We compute nearest-neighbor Tanimoto distance from every prediction query compound to the training set. For a compound with Tanimoto distance > 0.6 to its closest training analog (using ECFP4 fingerprints), we add an out-of-distribution flag independent of the CI. That flag carries more weight than the interval width in our internal triage: an OOD compound with a narrow CI is more suspicious than an in-distribution compound with a wide CI, because the narrow CI may be artifactual. Chemists generally understand this distinction intuitively once it's explained—a model can't know what it doesn't know, but it can at least quantify its proximity to what it has seen.

A Worked Decision Example

Consider two candidates from a CNS program targeting a GPR with predicted properties as follows:

Compound A: Predicted pIC50 7.2 [6.9–7.5]; predicted hERG IC50 22 µM [14–38 µM]; predicted Caco-2 permeability 24 nm/s [18–32 nm/s]; Tanimoto distance to training set 0.31 (in-distribution).

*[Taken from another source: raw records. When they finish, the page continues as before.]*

(* Fix $n\ge1$. For $\theta>0$ let $K_n(\theta)$ be a random variable with $P\{K_n(\theta)=k\}=|S_n^k|\theta^k/\theta_{(n)}$ for $k=1,\dots,n$, where $\theta_{(n)}=\theta(\theta+1)\cdots(\theta+n-1)$ and $|S_n^k|$ is the coefficient of $\theta^k$ in $\theta_{(n)}$. Then, as $\theta\to\infty$, the family of laws of $K_n(\theta)$ satisfies an LDP on $\{1,\dots,n\}$ with speed $\log\theta$ and rate function $I(k)=n-k$.
   Context: $K_n(\theta)$ is the number of distinct alleles in a sample of size $n$ from a $PD(\theta)$ population. An LDP with speed $\log\theta$ uses normalization $(\log\theta)^{-1}\log$. *)

theory Defs
  imports "HOL-Analysis.Analysis" "HOL-Computational_Algebra.Polynomial"
begin

definition rising_poly :: "nat \<Rightarrow> real poly" where
  "rising_poly n = (\<Prod>i<n. [:real i, 1:])"

definition absS :: "nat \<Rightarrow> nat \<Rightarrow> real" where
  "absS n k = coeff (rising_poly n) k"

definition rising :: "real \<Rightarrow> nat \<Rightarrow> real" where
  "rising \<theta> n = (\<Prod>i<n. \<theta> + real i)"

text \<open>Law of K_n(theta): P{K_n(theta) \<in> A} for A a set of naturals.\<close>
definition K_law :: "nat \<Rightarrow> real \<Rightarrow> nat set \<Rightarrow> real" where
  "K_law n \<theta> A = (\<Sum>k\<in>A \<inter> {1..n}. absS n k * \<theta> ^ k / rising \<theta> n)"

definition elog :: "real \<Rightarrow> ereal" where
  "elog p = (if p = 0 then - \<infinity> else ereal (ln p))"

definition LDP :: "'a topology \<Rightarrow> (real \<Rightarrow> 'a set \<Rightarrow> real) \<Rightarrow> (real \<Rightarrow> real) \<Rightarrow> ('a \<Rightarrow> ereal) \<Rightarrow> bool" where
  "LDP X P s I \<longleftrightarrow>
     (\<forall>x\<in>topspace X. 0 \<le> I x) \<and>
     (\<forall>c. closedin X {x\<in>topspace X. I x \<le> c}) \<and>
     (\<forall>\<Gamma>. \<Gamma> \<subseteq> topspace X \<longrightarrow>
        - (INF x\<in>X interior_of \<Gamma>. I x) \<le> Liminf at_top (\<lambda>t. elog (P t \<Gamma>) / ereal (s t)) \<and>
        Limsup at_top (\<lambda>t. elog (P t \<Gamma>) / ereal (s t)) \<le> - (INF x\<in>X closure_of \<Gamma>. I x))"

end

theory Submission
  imports Defs
begin

text \<open>For fixed \<open>n\<close> the probabilities are ratios of polynomials in \<open>\<theta>\<close> with nonnegative
  coefficients: \<open>P{K\<^sub>n(\<theta>) \<in> \<Gamma>}\<close> has a numerator of degree \<open>max \<Gamma>\<close> and the denominator
  \<open>\<theta>\<^sub>(\<^sub>n\<^sub>)\<close> of degree \<open>n\<close>. Such a polynomial \<open>p\<close> satisfies \<open>log p(\<theta>) / log \<theta> \<rightarrow> deg p\<close>, so
  \<open>log P{K\<^sub>n(\<theta>) \<in> \<Gamma>} / log \<theta> \<rightarrow> max \<Gamma> - n = - inf\<^sub>\<Gamma> I\<close>. On the discrete space
  \<open>{1..n}\<close> every set is open and closed, so these limits are exactly the LDP bounds.\<close>

lemma rising_poly_Suc: "rising_poly (Suc n) = [:real n, 1:] * rising_poly n"
  by (simp add: rising_poly_def mult.commute)

lemma poly_rising_poly: "poly (rising_poly n) t = rising t n"
  by (simp add: rising_poly_def rising_def poly_prod add.commute)

lemma degree_rising_poly: "degree (rising_poly n) = n"
  by (simp add: rising_poly_def degree_prod_eq_sum_degree)

lemma absS_diag: "absS n n = 1"
proof -
  have "lead_coeff (rising_poly n) = 1"
    by (simp add: rising_poly_def lead_coeff_prod)
  then show ?thesis
    by (simp add: absS_def degree_rising_poly)
qed

lemma absS_Suc_0: "absS (Suc n) 0 = real n * absS n 0"
  by (simp add: absS_def rising_poly_Suc)

lemma absS_Suc_Suc: "absS (Suc n) (Suc k) = real n * absS n (Suc k) + absS n k"
  by (simp add: absS_def rising_poly_Suc)

lemma absS_nonneg: "0 \<le> absS n k"
proof (induction n arbitrary: k)
  case 0
  then show ?case by (simp add: absS_def rising_poly_def)
next
  case (Suc n)
  then show ?case by (cases k) (simp_all add: absS_Suc_0 absS_Suc_Suc)
qed

lemma absS_pos: "1 \<le> k \<Longrightarrow> k \<le> n \<Longrightarrow> 0 < absS n k"
proof (induction n arbitrary: k)
  case 0
  then show ?case by simp
next
  case (Suc n)
  then obtain j where k: "k = Suc j" by (cases k) auto
  consider "j = 0" "n = 0" | "j = 0" "n \<ge> 1" | "j \<ge> 1"
    by linarith
  then show ?case
  proof cases
    case 1
    then show ?thesis using k absS_diag[of 1] by simp
  next
    case 2
    then have "0 < real n * absS n 1" using Suc.IH[of 1] by simp
    then show ?thesis using k 2 absS_nonneg[of n 0] by (simp add: absS_Suc_Suc)
  next
    case 3
    then have "0 < absS n j" using Suc k by simp
    then show ?thesis using k absS_nonneg[of n k] by (simp add: absS_Suc_Suc add_nonneg_pos)
  qed
qed

lemma rising_eq_sum: "rising t n = (\<Sum>k\<le>n. absS n k * t ^ k)"
  by (simp add: poly_rising_poly[symmetric] poly_altdef degree_rising_poly absS_def)

text \<open>For \<open>t \<ge> 1\<close> the sum lies between \<open>a\<^sub>m t\<^sup>m\<close> and \<open>(\<Sum>a\<^sub>k) t\<^sup>m\<close>, where \<open>m = Max A\<close>; both constants
  vanish after taking \<open>ln\<close> and dividing by \<open>ln t\<close>.\<close>
lemma ln_sum_powers_over_ln_tendsto:
  fixes a :: "nat \<Rightarrow> real"
  assumes A: "finite A" "A \<noteq> {}"
    and nonneg: "\<And>k. k \<in> A \<Longrightarrow> 0 \<le> a k"
    and pos: "0 < a (Max A)"
  shows "((\<lambda>t. ln (\<Sum>k\<in>A. a k * t ^ k) / ln t) \<longlongrightarrow> real (Max A)) at_top"
proof -
  define m where "m = Max A"
  define C where "C = (\<Sum>k\<in>A. a k)"
  have mA: "m \<in> A" and le_m: "\<And>k. k \<in> A \<Longrightarrow> k \<le> m"
    using A by (simp_all add: m_def)
  have am_le_C: "a m \<le> C"
    unfolding C_def using A(1) mA nonneg by (intro member_le_sum) auto
  have bounds: "ln (a m) / ln t + m \<le> ln (\<Sum>k\<in>A. a k * t ^ k) / ln t \<and>
                ln (\<Sum>k\<in>A. a k * t ^ k) / ln t \<le> ln C / ln t + m" if t: "t > 1" for t
  proof -
    define S where "S = (\<Sum>k\<in>A. a k * t ^ k)"
    have lower: "a m * t ^ m \<le> S"
      unfolding S_def using A(1) mA nonneg t by (intro member_le_sum[where f = "\<lambda>k. a k * t ^ k"]) auto
    have upper: "S \<le> C * t ^ m"
      unfolding S_def C_def sum_distrib_right
      using nonneg le_m t by (intro sum_mono mult_left_mono power_increasing) auto
    have "0 < a m * t ^ m"
      using pos t by (simp add: m_def)
    then have "ln (a m * t ^ m) \<le> ln S" "ln S \<le> ln (C * t ^ m)"
      using lower upper by (simp_all add: ln_mono)
    moreover have "ln (a m * t ^ m) = ln (a m) + m * ln t" "ln (C * t ^ m) = ln C + m * ln t"
      using pos am_le_C t by (simp_all add: m_def ln_mult ln_realpow)
    ultimately have ln_lower: "ln (a m) + m * ln t \<le> ln S" and ln_upper: "ln S \<le> ln C + m * ln t"
      by simp_all
    have ln_t: "0 < ln t" using t by simp
    have shift: "x / ln t + m = (x + m * ln t) / ln t" for x
      using ln_t by (simp add: add_divide_distrib)
    have "ln (a m) / ln t + m \<le> ln S / ln t"
      unfolding shift using ln_lower ln_t by (intro divide_right_mono) auto
    moreover have "ln S / ln t \<le> ln C / ln t + m"
      unfolding shift using ln_upper ln_t by (intro divide_right_mono) auto
    ultimately show ?thesis by (simp only: S_def)
  qed
  have ln_inf: "filterlim (ln :: real \<Rightarrow> real) at_infinity at_top"
    by (rule filterlim_at_top_imp_at_infinity[OF ln_at_top])
  have lim: "((\<lambda>t. ln c / ln t + m) \<longlongrightarrow> real m) at_top" for c
    using tendsto_add[OF tendsto_divide_0[OF tendsto_const ln_inf] tendsto_const, of "ln c" m]
    by simp
  have "eventually (\<lambda>t. ln (a m) / ln t + m \<le> ln (\<Sum>k\<in>A. a k * t ^ k) / ln t \<and>
                       ln (\<Sum>k\<in>A. a k * t ^ k) / ln t \<le> ln C / ln t + m) at_top"
    using eventually_gt_at_top[of 1] by (rule eventually_mono) (rule bounds)
  then have "eventually (\<lambda>t. ln (a m) / ln t + m \<le> ln (\<Sum>k\<in>A. a k * t ^ k) / ln t) at_top"
    and "eventually (\<lambda>t. ln (\<Sum>k\<in>A. a k * t ^ k) / ln t \<le> ln C / ln t + m) at_top"
    by (simp_all only: eventually_conj_iff)
  from tendsto_sandwich[OF this lim lim] show ?thesis
    by (simp only: m_def)
qed

lemma K_law_eq: "\<Gamma> \<subseteq> {1..n} \<Longrightarrow> K_law n t \<Gamma> = (\<Sum>k\<in>\<Gamma>. absS n k * t ^ k) / rising t n"
  by (simp add: K_law_def Int_absorb2 sum_divide_distrib)

lemma rising_pos: "0 < t \<Longrightarrow> 0 < rising t n"
  by (simp add: rising_def prod_pos)

lemma sum_absS_powers_pos:
  assumes "\<Gamma> \<subseteq> {1..n}" "\<Gamma> \<noteq> {}" "0 < t"
  shows "0 < (\<Sum>k\<in>\<Gamma>. absS n k * t ^ k)"
proof -
  obtain k where "k \<in> \<Gamma>" using assms(2) by blast
  moreover have "finite \<Gamma>" using assms(1) finite_subset by blast
  ultimately show ?thesis
    using assms absS_pos absS_nonneg
    by (intro sum_pos2[of _ k]) (auto intro!: mult_nonneg_nonneg mult_pos_pos)
qed

lemma K_law_pos: "\<Gamma> \<subseteq> {1..n} \<Longrightarrow> \<Gamma> \<noteq> {} \<Longrightarrow> 0 < t \<Longrightarrow> 0 < K_law n t \<Gamma>"
  by (simp add: K_law_eq sum_absS_powers_pos rising_pos)

lemma ln_K_law_over_ln_tendsto:
  assumes "\<Gamma> \<subseteq> {1..n}" "\<Gamma> \<noteq> {}"
  shows "((\<lambda>t. ln (K_law n t \<Gamma>) / ln t) \<longlongrightarrow> real (Max \<Gamma>) - real n) at_top"
proof -
  have fin: "finite \<Gamma>" using assms(1) finite_subset by blast
  have "Max \<Gamma> \<in> \<Gamma>" using fin assms(2) by simp
  then have "Max \<Gamma> \<in> {1..n}" using assms(1) by blast
  then have num: "((\<lambda>t. ln (\<Sum>k\<in>\<Gamma>. absS n k * t ^ k) / ln t) \<longlongrightarrow> real (Max \<Gamma>)) at_top"
    using fin assms(2) by (intro ln_sum_powers_over_ln_tendsto) (auto simp: absS_nonneg absS_pos)
  have den: "((\<lambda>t. ln (rising t n) / ln t) \<longlongrightarrow> real n) at_top"
    using ln_sum_powers_over_ln_tendsto[of "{..n}" "absS n"] Max_eqI[of "{..n}" n]
    by (simp add: rising_eq_sum absS_nonneg absS_diag)
  have split: "ln (K_law n t \<Gamma>) / ln t =
        ln (\<Sum>k\<in>\<Gamma>. absS n k * t ^ k) / ln t - ln (rising t n) / ln t" if "0 < t" for t
    using sum_absS_powers_pos[OF assms that] rising_pos[OF that, of n]
    by (simp add: K_law_eq[OF assms(1)] ln_div diff_divide_distrib)
  have "eventually (\<lambda>t. ln (\<Sum>k\<in>\<Gamma>. absS n k * t ^ k) / ln t - ln (rising t n) / ln t
               = ln (K_law n t \<Gamma>) / ln t) at_top"
    using eventually_gt_at_top[of 0] by eventually_elim (simp add: split)
  then show ?thesis
    by (rule Lim_transform_eventually[OF tendsto_diff[OF num den]])
qed

lemma tendsto_elog_over:
  assumes "((\<lambda>t. ln (p t) / s t) \<longlongrightarrow> L) F"
    and "eventually (\<lambda>t. 0 < p t \<and> 0 < s t) F"
  shows "((\<lambda>t. elog (p t) / ereal (s t)) \<longlongrightarrow> ereal L) F"
proof -
  have "eventually (\<lambda>t. ereal (ln (p t) / s t) = elog (p t) / ereal (s t)) F"
    using assms(2) by (auto simp: elog_def ereal_divide elim: eventually_mono)
  then show ?thesis
    using tendsto_ereal[OF assms(1)] by (rule Lim_transform_eventually[rotated])
qed

text \<open>On a discrete space interior and closure are trivial, so the LDP bounds collapse to the
  existence of the limit; for \<open>\<Gamma> = {}\<close> the limit \<open>-\<infinity>\<close> is forced by \<open>INF {} = \<infinity>\<close>.\<close>
lemma LDP_discrete_topologyI:
  assumes "\<And>x. x \<in> S \<Longrightarrow> 0 \<le> I x"
    and "\<And>\<Gamma>. \<Gamma> \<subseteq> S \<Longrightarrow> ((\<lambda>t. elog (P t \<Gamma>) / ereal (s t)) \<longlongrightarrow> - (INF x\<in>\<Gamma>. I x)) at_top"
  shows "LDP (discrete_topology S) P s I"
  unfolding LDP_def
proof (intro conjI allI impI ballI)
  fix \<Gamma> assume "\<Gamma> \<subseteq> topspace (discrete_topology S)"
  then have \<Gamma>: "\<Gamma> \<subseteq> S" by simp
  then have "discrete_topology S interior_of \<Gamma> = \<Gamma>" "discrete_topology S closure_of \<Gamma> = \<Gamma>"
    by (auto simp: discrete_topology_interior_of discrete_topology_closure_of)
  moreover note assms(2)[OF \<Gamma>]
  ultimately show
    "- (INF x\<in>discrete_topology S interior_of \<Gamma>. I x) \<le> Liminf at_top (\<lambda>t. elog (P t \<Gamma>) / ereal (s t))"
    "Limsup at_top (\<lambda>t. elog (P t \<Gamma>) / ereal (s t)) \<le> - (INF x\<in>discrete_topology S closure_of \<Gamma>. I x)"
    by (simp_all add: lim_imp_Liminf lim_imp_Limsup)
qed (use assms(1) in \<open>auto simp: closedin_discrete_topology\<close>)

theorem theorem4p2:
  fixes n :: nat
  assumes "n \<ge> 1"
  shows "LDP (discrete_topology {1..n}) (K_law n) (\<lambda>\<theta>. ln \<theta>) (\<lambda>k. ereal (real n - real k))"
proof (rule LDP_discrete_topologyI)
  fix \<Gamma> assume \<Gamma>: "\<Gamma> \<subseteq> {1..n}"
  show "((\<lambda>t. elog (K_law n t \<Gamma>) / ereal (ln t)) \<longlongrightarrow> - (INF k\<in>\<Gamma>. ereal (real n - real k))) at_top"
  proof (cases "\<Gamma> = {}")
    case True
    have "eventually (\<lambda>t. elog (K_law n t \<Gamma>) / ereal (ln t) = -\<infinity>) at_top"
      using eventually_gt_at_top[of 1]
      by eventually_elim (simp add: True K_law_def elog_def divide_ereal_def)
    moreover have "- (INF k\<in>\<Gamma>. ereal (real n - real k)) = -\<infinity>"
      by (simp add: True top_ereal_def)
    ultimately show ?thesis
      by (simp add: tendsto_eventually)
  next
    case False
    have "finite \<Gamma>" using \<Gamma> finite_subset by blast
    then have "(INF k\<in>\<Gamma>. ereal (real n - real k)) = ereal (real n - real (Max \<Gamma>))"
      using False by (intro antisym INF_lower INF_greatest) auto
    moreover have "eventually (\<lambda>t. 0 < K_law n t \<Gamma> \<and> 0 < ln t) at_top"
      using eventually_gt_at_top[of 1] by eventually_elim (auto intro: K_law_pos[OF \<Gamma> False])
    ultimately show ?thesis
      using tendsto_elog_over[OF ln_K_law_over_ln_tendsto[OF \<Gamma> False]] by simp
  qed
qed simp

end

Compound B: Predicted pIC50 7.5 [6.8–8.1]; predicted hERG IC50 12 µM [3.2–45 µM]; predicted Caco-2 permeability 21 nm/s [9–51 nm/s]; Tanimoto distance to training set 0.58 (borderline OOD).

On raw point estimates, Compound B looks slightly more potent. But the hERG CI for B spans a range where the lower bound enters concerning territory, and the Caco-2 CI is wide enough that the compound might fail or pass permeability depending on which assay you run and on what day. Combined with the higher Tanimoto distance, Compound B is the higher-risk synthesis target. Compound A has tighter intervals, sits comfortably within applicability domain, and has an hERG margin that only degrades significantly at the lower CI bound. The decision to synthesize A first over B is well-supported. B should follow, but with the explicit acknowledgment that more uncertainty will be resolved at first assay and the compound may not behave as predicted.

When to Stop Rather Than Flag

We are not saying wide confidence intervals mean a compound should never be synthesized—that would eliminate most generative candidates, which by definition explore novel chemical space. What we are saying is that a wide CI on a safety endpoint, combined with an OOD flag, is grounds for deprioritization rather than flagging-and-proceeding. The distinction matters: flagging creates a list of cautions that often gets discounted under synthesis pressure. Deprioritization is a queue decision. It keeps the compound in scope but moves it below candidates where the safety signal is more interpretable.

For any compound where the lower bound of the hERG CI falls below 3 µM, we recommend wet hERG data before significant synthetic investment—full stop. The cost of a fluorescence-based hERG counter-screen is a few hundred dollars. Discovering cardiac liability at candidate selection, after 40 analogs have been synthesized around a scaffold, costs orders of magnitude more.

Reporting Conventions Matter

One practical note about how confidence intervals are reported in computational ADMET tools: some platforms report prediction intervals (covering a future individual measurement), others report confidence intervals (covering the true mean). These are not the same. A prediction interval is wider because it includes measurement variability. For ADMET decision-making, you want prediction intervals, not confidence intervals, because you will be measuring individual compounds and comparing to individual thresholds. If a platform reports only confidence intervals, the stated uncertainty is underestimating what you'll actually observe experimentally. Ask your platform how the interval is derived and what it covers—this is a reasonable question, and the answer should be specific.

The ADMET number on a screen is an estimate. The interval around it is an estimate of how much you don't know. Both are data, and both should drive decisions.